Üzerinde koyu siyah ve zümrüt yeşili işlemelerle süslenmiş, zarif bir takım elbise belirdi. Ceketinin kenarları altın ipliklerle işlenmiş, kraliyet sembolleri göğsünde parlıyordu. Pelerin omuzlarına sabitlenmiş iki zarif, gümüş toka ile dökülüyordu. Pelerin, Engfa'nın arkasında zarifçe süzülürken, üstüne işlenmiş detaylar, kadim cadıların güç sembollerini simgeliyordu. Pelerinin iç yüzeyi ise derin kırmızı renkte olup, asaletin ve gücün simgesiydi.
Engfa'nın yüksek yakalı ceketinin altından ince bir beyaz gömlek görünüyordu, boynundaki zarif siyah kadife kravatı ona kraliçeye yakışan bir ciddiyet katıyordu.
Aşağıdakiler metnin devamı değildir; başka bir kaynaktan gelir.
lemma is_BP_fact_snoc:
  "is_BP_fact w (ws @ [b]) w0 \<longleftrightarrow> b \<noteq> [] \<and> (\<exists>w'. w = b @ w' @ b \<and> is_BP_fact w' ws w0)"
  unfolding is_BP_fact_def by auto

lemma BP_width_snoc [simp]: "BP_width (ws @ [b]) w0 = BP_width ws w0 + 2"
  unfolding BP_width_def by simp

lemma BP_width_le_length: "is_BP_fact w ws w0 \<Longrightarrow> BP_width ws w0 \<le> length w"
proof (induction ws arbitrary: w rule: rev_induct)
  case Nil
  then show ?case by (cases w) (auto simp: BP_width_def)
next
  case (snoc b ws)
  then obtain w' where "b \<noteq> []" "w = b @ w' @ b" "is_BP_fact w' ws w0"
    by (auto simp: is_BP_fact_snoc)
  with snoc.IH[of w'] show ?case by (cases b) auto
qed

lemma finite_BP_widths: "finite {BP_width ws w0 | ws w0. is_BP_fact w ws w0}"
  by (rule finite_subset[of _ "{..length w}"]) (auto dest: BP_width_le_length)

lemma largest_BP_width_attained:
  obtains ws w0 where "is_BP_fact w ws w0" "BP_width ws w0 = largest_BP_width w"
proof -
  have "largest_BP_width w \<in> {BP_width ws w0 | ws w0. is_BP_fact w ws w0}"
    unfolding largest_BP_width_def
    by (rule Max_in[OF finite_BP_widths]) (use is_BP_fact_Nil[of w w] in blast)
  then obtain ws w0 where "is_BP_fact w ws w0" "largest_BP_width w = BP_width ws w0"
    by blast
  then show ?thesis using that by simp
qed

lemma largest_BP_width_le_iff:
  "largest_BP_width w \<le> m \<longleftrightarrow> (\<forall>ws w0. is_BP_fact w ws w0 \<longrightarrow> BP_width ws w0 \<le> m)"
  unfolding largest_BP_width_def
  by (subst Max_le_iff[OF finite_BP_widths]) (use is_BP_fact_Nil[of w w] in blast)+

lemma BP_width_le_largest: "is_BP_fact w ws w0 \<Longrightarrow> BP_width ws w0 \<le> largest_BP_width w"
  using largest_BP_width_le_iff by blast

lemma largest_BP_width_le_length: "largest_BP_width w \<le> length w"
  by (simp add: largest_BP_width_le_iff BP_width_le_length)

lemma largest_BP_width_ge_1: "w \<noteq> [] \<Longrightarrow> 1 \<le> largest_BP_width w"
  using BP_width_le_largest[of w "[]" w] by (simp add: BP_width_def)

lemma largest_BP_width_wrap: "b \<noteq> [] \<Longrightarrow> largest_BP_width m + 2 \<le> largest_BP_width (b @ m @ b)"
proof -
  assume "b \<noteq> []"
  obtain ws w0 where "is_BP_fact m ws w0" "BP_width ws w0 = largest_BP_width m"
    by (rule largest_BP_width_attained)
  with \<open>b \<noteq> []\<close> have "is_BP_fact (b @ m @ b) (ws @ [b]) w0"
      and "BP_width (ws @ [b]) w0 = largest_BP_width m + 2"
    by (auto simp: is_BP_fact_snoc)
  then show ?thesis by (metis BP_width_le_largest)
qed

lemma largest_BP_width_wrap_mono: "largest_BP_width m \<le> largest_BP_width (y @ m @ y)"
  using largest_BP_width_wrap[of y m] by (cases "y = []") auto


section \<open>Unbordered words\<close>

definition unbordered :: "'a list \<Rightarrow> bool" where
  "unbordered u \<longleftrightarrow> u \<noteq> [] \<and> (\<forall>x. prefix x u \<longrightarrow> suffix x u \<longrightarrow> x = [] \<or> x = u)"

lemma ex_unbordered_border:
  "b \<noteq> [] \<Longrightarrow> \<exists>u v. unbordered u \<and> b @ m @ b = u @ v @ u"
proof (induction "length b" arbitrary: b m rule: less_induct)
  case less
  show ?case
  proof (cases "unbordered b")
    case True
    then show ?thesis by blast
  next
    case False
    then obtain x where x: "prefix x b" "suffix x b" "x \<noteq> []" "x \<noteq> b"
      using less.prems unfolding unbordered_def by blast
    then obtain r r' where "b = x @ r" "b = r' @ x"
      unfolding prefix_def suffix_def by blast
    then have "b @ m @ b = x @ (r @ m @ r') @ x" by simp
    moreover have "length x < length b"
      using prefix_length_less[of x b] x by (simp add: prefix_order.less_le)
    ultimately show ?thesis using less.hyps[of x "r @ m @ r'"] x(3) by auto
  qed
qed

lemma unbordered_prefix_suffix:
  assumes "unbordered u" "prefix u b" "suffix u b" "length u < length b"
  shows "\<exists>y. b = u @ y @ u"
proof -
  obtain s t where st: "b = u @ s" "b = t @ u"
    using assms(2,3) unfolding prefix_def suffix_def by blast
  have "t \<noteq> []" using st assms(4) by auto
  from st have "u @ s = t @ u" by simp
  then obtain z where "u = t @ z \<and> z @ s = u \<or> u @ z = t \<and> s = z @ u"
    by (auto simp: append_eq_append_conv2)
  then show ?thesis
  proof
    assume z: "u = t @ z \<and> z @ s = u"
    then have "prefix z u" "suffix z u" by (metis prefixI, metis suffixI)
    moreover have "z \<noteq> u" using z \<open>t \<noteq> []\<close> by auto
    ultimately have "z = []" using assms(1) unfolding unbordered_def by blast
    then show ?thesis using z st by auto
  qed (use st in auto)
qed

lemma prefix_suffix_wrap: "prefix u (u @ v @ u)" "suffix u (u @ v @ u)"
  by (metis prefixI, metis append.assoc suffixI)

lemma unbordered_split_unique:
  assumes "unbordered u1" "unbordered u2" "u1 @ v1 @ u1 = u2 @ v2 @ u2"
  shows "u1 = u2 \<and> v1 = v2"
proof -
  have "u1 = u2" if "unbordered u1" "unbordered u2" "u1 @ v1 @ u1 = u2 @ v2 @ u2"
      "length u1 \<le> length u2" for u1 u2 v1 v2 :: "'a list"
  proof -
    let ?w = "u1 @ v1 @ u1"
    have "prefix u1 ?w" "suffix u1 ?w" "prefix u2 ?w" "suffix u2 ?w"
      using prefix_suffix_wrap that(3) by metis+
    then have "prefix u1 u2" "suffix u1 u2"
      using that(4) prefix_length_prefix suffix_length_suffix by blast+
    then show ?thesis using that(1,2) unfolding unbordered_def by blast
  qed
  then have "u1 = u2" using assms by (metis nat_le_linear)
  then show ?thesis using assms(3) by simp
qed


section \<open>Largest width via the shortest border\<close>

lemma largest_BP_width_unbordered:
  assumes "unbordered u"
  shows "largest_BP_width (u @ v @ u) = largest_BP_width v + 2"
proof -
  let ?w = "u @ v @ u"
  have "u \<noteq> []" using assms unfolding unbordered_def by blast
  have "BP_width ws w0 \<le> largest_BP_width v + 2" if fact: "is_BP_fact ?w ws w0" for ws w0
  proof (cases ws rule: rev_cases)
    case Nil
    then show ?thesis by (simp add: BP_width_def)
  next
    case (snoc ws' b)
    with fact obtain w' where b: "b \<noteq> []" "?w = b @ w' @ b" and w': "is_BP_fact w' ws' w0"
      by (auto simp: is_BP_fact_snoc)
    have "prefix u ?w" "suffix u ?w" "prefix b ?w" "suffix b ?w"
      using prefix_suffix_wrap b(2) by metis+
    have "BP_width ws' w0 \<le> largest_BP_width v"
    proof (cases "length b \<le> length u")
      case True
      then have "prefix b u" "suffix b u"
        using prefix_length_prefix[OF \<open>prefix b ?w\<close> \<open>prefix u ?w\<close>]
          suffix_length_suffix[OF \<open>suffix b ?w\<close> \<open>suffix u ?w\<close>] by auto
      then have "b = u" using assms b(1) unfolding unbordered_def by blast
      then show ?thesis using b(2) w' BP_width_le_largest by auto
    next
      case False
      then have "prefix u b" "suffix u b"
        using prefix_length_prefix[OF \<open>prefix u ?w\<close> \<open>prefix b ?w\<close>]
          suffix_length_suffix[OF \<open>suffix u ?w\<close> \<open>suffix b ?w\<close>] by auto
      then obtain y where "b = u @ y @ u"
        using unbordered_prefix_suffix[OF assms] False by fastforce
      then have v: "v = y @ (u @ w' @ u) @ y" using b(2) by simp
      have "BP_width ws' w0 \<le> largest_BP_width w'" using w' by (rule BP_width_le_largest)
      also have "\<dots> \<le> largest_BP_width (u @ w' @ u)"
        by (rule largest_BP_width_wrap_mono)
      also have "\<dots> \<le> largest_BP_width v"
        unfolding v by (rule largest_BP_width_wrap_mono)
      finally show ?thesis .
    qed
    then show ?thesis using snoc by simp
  qed
  then have "largest_BP_width ?w \<le> largest_BP_width v + 2"
    by (simp add: largest_BP_width_le_iff)
  with largest_BP_width_wrap[OF \<open>u \<noteq> []\<close>] show ?thesis by (rule antisym[rotated])
qed

lemma largest_BP_width_no_border:
  assumes "w \<noteq> []" "\<nexists>u v. unbordered u \<and> w = u @ v @ u"
  shows "largest_BP_width w = 1"
proof -
  have "BP_width ws w0 \<le> 1" if "is_BP_fact w ws w0" for ws w0
  proof (cases ws rule: rev_cases)
    case Nil
    then show ?thesis by (simp add: BP_width_def)
  next
    case (snoc ws' b)
    with that obtain w' where "b \<noteq> []" "w = b @ w' @ b"
      by (auto simp: is_BP_fact_snoc)
    then show ?thesis using assms(2) ex_unbordered_border by metis
  qed
  then show ?thesis
    using largest_BP_width_ge_1[OF assms(1)] by (simp add: largest_BP_width_le_iff antisym)
qed
(* Let $\mathcal X\subset\mathbb R^d$ be bounded with Lebesgue measure $1$, let $g:\mathcal X\to[g_{\min},g_{\max}]$ with $0<g_{\min}<g_{\max}<\infty$ and $\|g\|_{L^2(\mathcal X)}=1$, and let $w:[0,\infty)\to[0,\infty)$ be bounded, continuous, with unique minimiser $w(0)=0$ and $\|w\|_\infty\le W$ for some fixed $W<\infty$ independent of $D,N$. Let $\mathscr G(\theta)(x)=\sqrt{w(\|\theta\|_{\mathbb R^D})}\,g(x)$ and consider the regression model $Y_i=\mathscr G(\theta)(X_i)+\varepsilon_i$ at ground truth $\theta_0=0$ (so $Y_i=\varepsilon_i$), with $X_i$ i.i.d. uniform on $\mathcal X$, $\varepsilon_i$ i.i.d. $\mathcal N(0,1)$ independent, law $P_0^N$. Let $\Pi=\Pi_N$ be a sequence of prior probability measures on $\mathbb R^D$ and $\Pi(\cdot\mid Z^{(N)})$ the posterior $d\Pi(\theta\mid Z^{(N)})\propto e^{\ell_N(\theta)}d\Pi(\theta)$, $\ell_N(\theta)=-\frac12\sum_{i=1}^N|Y_i-\mathscr G(\theta)(X_i)|^2$. (i) Suppose that for some radii $0<s<\sigma$, constants $\varepsilon,\eta,\nu>0$ and all $N$ large enough, \[\frac1N\log\frac{\Pi(\Theta_{s,\eta})}{\Pi(\Theta_{\sigma,\varepsilon})}\le-2\nu-\frac{w_+(\sigma,\varepsilon)-w_-(s,\eta)}2.\] Then with $P_0^N$-probability tending to $1$ as $N\to\infty$, \[\frac{\Pi(\Theta_{s,\eta}\mid Z^{(N)})}{\Pi(\Theta_{\sigma,\varepsilon}\mid Z^{(N)})}\le e^{-\nu N}.\] (ii) If in addition $w$ is monotone increasing on $[0,\infty)$ and for some $L>1+\varepsilon$, $\frac1N\log\frac{\Pi(B_L^c)}{\Pi(\Theta_{\sigma,\varepsilon})}\le-2\nu$, then with $P_0^N$-probability tending to $1$, \[\frac{\Pi(B_L^c\mid Z^{(N)})}{\Pi(\Theta_{\sigma,\varepsilon}\mid Z^{(N)})}\le e^{-\nu N}.\]
   Context: $\Theta_{r,\epsilon}=\{\theta\in\mathbb R^D:\|\theta\|_{\mathbb R^D}\in(r,r+\epsilon)\}$, $B_L=\{\theta:\|\theta\|_{\mathbb R^D}\le L\}$. For $r\ge0,\epsilon>0$: $w_-(r,\epsilon)=\inf_{u\in(r,r+\epsilon)}w(u)$, $w_+(r,\epsilon)=\sup_{u\in(r,r+\epsilon)}w(u)$. *)

theory Defs
  imports "HOL-Probability.Probability"
begin
theorem lemma5p8:
  fixes V :: "'v set" and E :: "('v \<times> 'v) set" and e :: "('v \<times> 'v) \<Rightarrow> nat"
    and u :: 'v and \<pi> :: "'v pvert set set"
  assumes "std_graph V E e"
    and "u \<in> V"
    and "H_star_partition (PV V E) (PA V E e) \<pi>"
    and "\<not> well_oriented (card E) \<pi> u"
  shows "\<exists>\<pi>'. H_star_partition (PV V E) (PA V E e) \<pi>' \<and> card \<pi>' \<le> card \<pi>
           \<and> well_oriented (card E) \<pi>' u
           \<and> (\<forall>w\<in>V. w \<noteq> u \<longrightarrow> (well_oriented (card E) \<pi> w \<longleftrightarrow> well_oriented (card E) \<pi>' w))"
proof -
  obtain \<pi>' where "H_star_partition (PV V E) (PA V E e) \<pi>'" "card \<pi>' \<le> card \<pi>"
    "well_oriented (card E) \<pi>' u" "\<forall>w. w \<noteq> u \<longrightarrow> restr_gad (card E) \<pi>' w = restr_gad (card E) \<pi> w"
    using rebuild_well_oriented[OF assms] by blast
  then show ?thesis unfolding well_oriented_def by auto
qed

end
Pantolonu vücuduna tam oturmuş, bacaklarını uzun ve güçlü gösteriyordu. Gümüş çizmeleri ise zarif işçilikle yapılmış, her adımda gücünü hissettiriyordu.
Engfa, kendine bakarak bir an için pelerinini düzeltti ve Charlotte'a döndü. "Nasıl olmuşum?" diye sordu, sesi sakin ama özgüven doluydu.
Charlotte hayranlıkla gözlerini Engfa'nın üzerinde gezdirdi. "Lilith Aşkına," dedi gülümseyerek, "Gerçek bir kraliçe gibisin. Muhteşemsin."
Engfa, Charlotte'un gözlerine bakarak hafifçe gülümsedi. "Ama bir şey eksik," dedi. Charlotte merakla kaşlarını kaldırdı. "Yanımda bir kraliçem olmadan bu kıyafet hiçbir anlam ifade etmiyor," diye ekledi Engfa, sevgi dolu bir sesle.
Engfa, Charlotte'a doğru adım atarak ellerini nazikçe onun vücudu üzerinde gezdirmeye başladı. Parmak uçlarından bir enerji yayıldı ve Charlotte'un üzerinde parıldayan ışık dalgaları dans etmeye başladı. Bir anda Charlotte'un eski kıyafetleri, büyünün etkisiyle yerini kraliçeye yaraşır bir elbiseye bıraktı.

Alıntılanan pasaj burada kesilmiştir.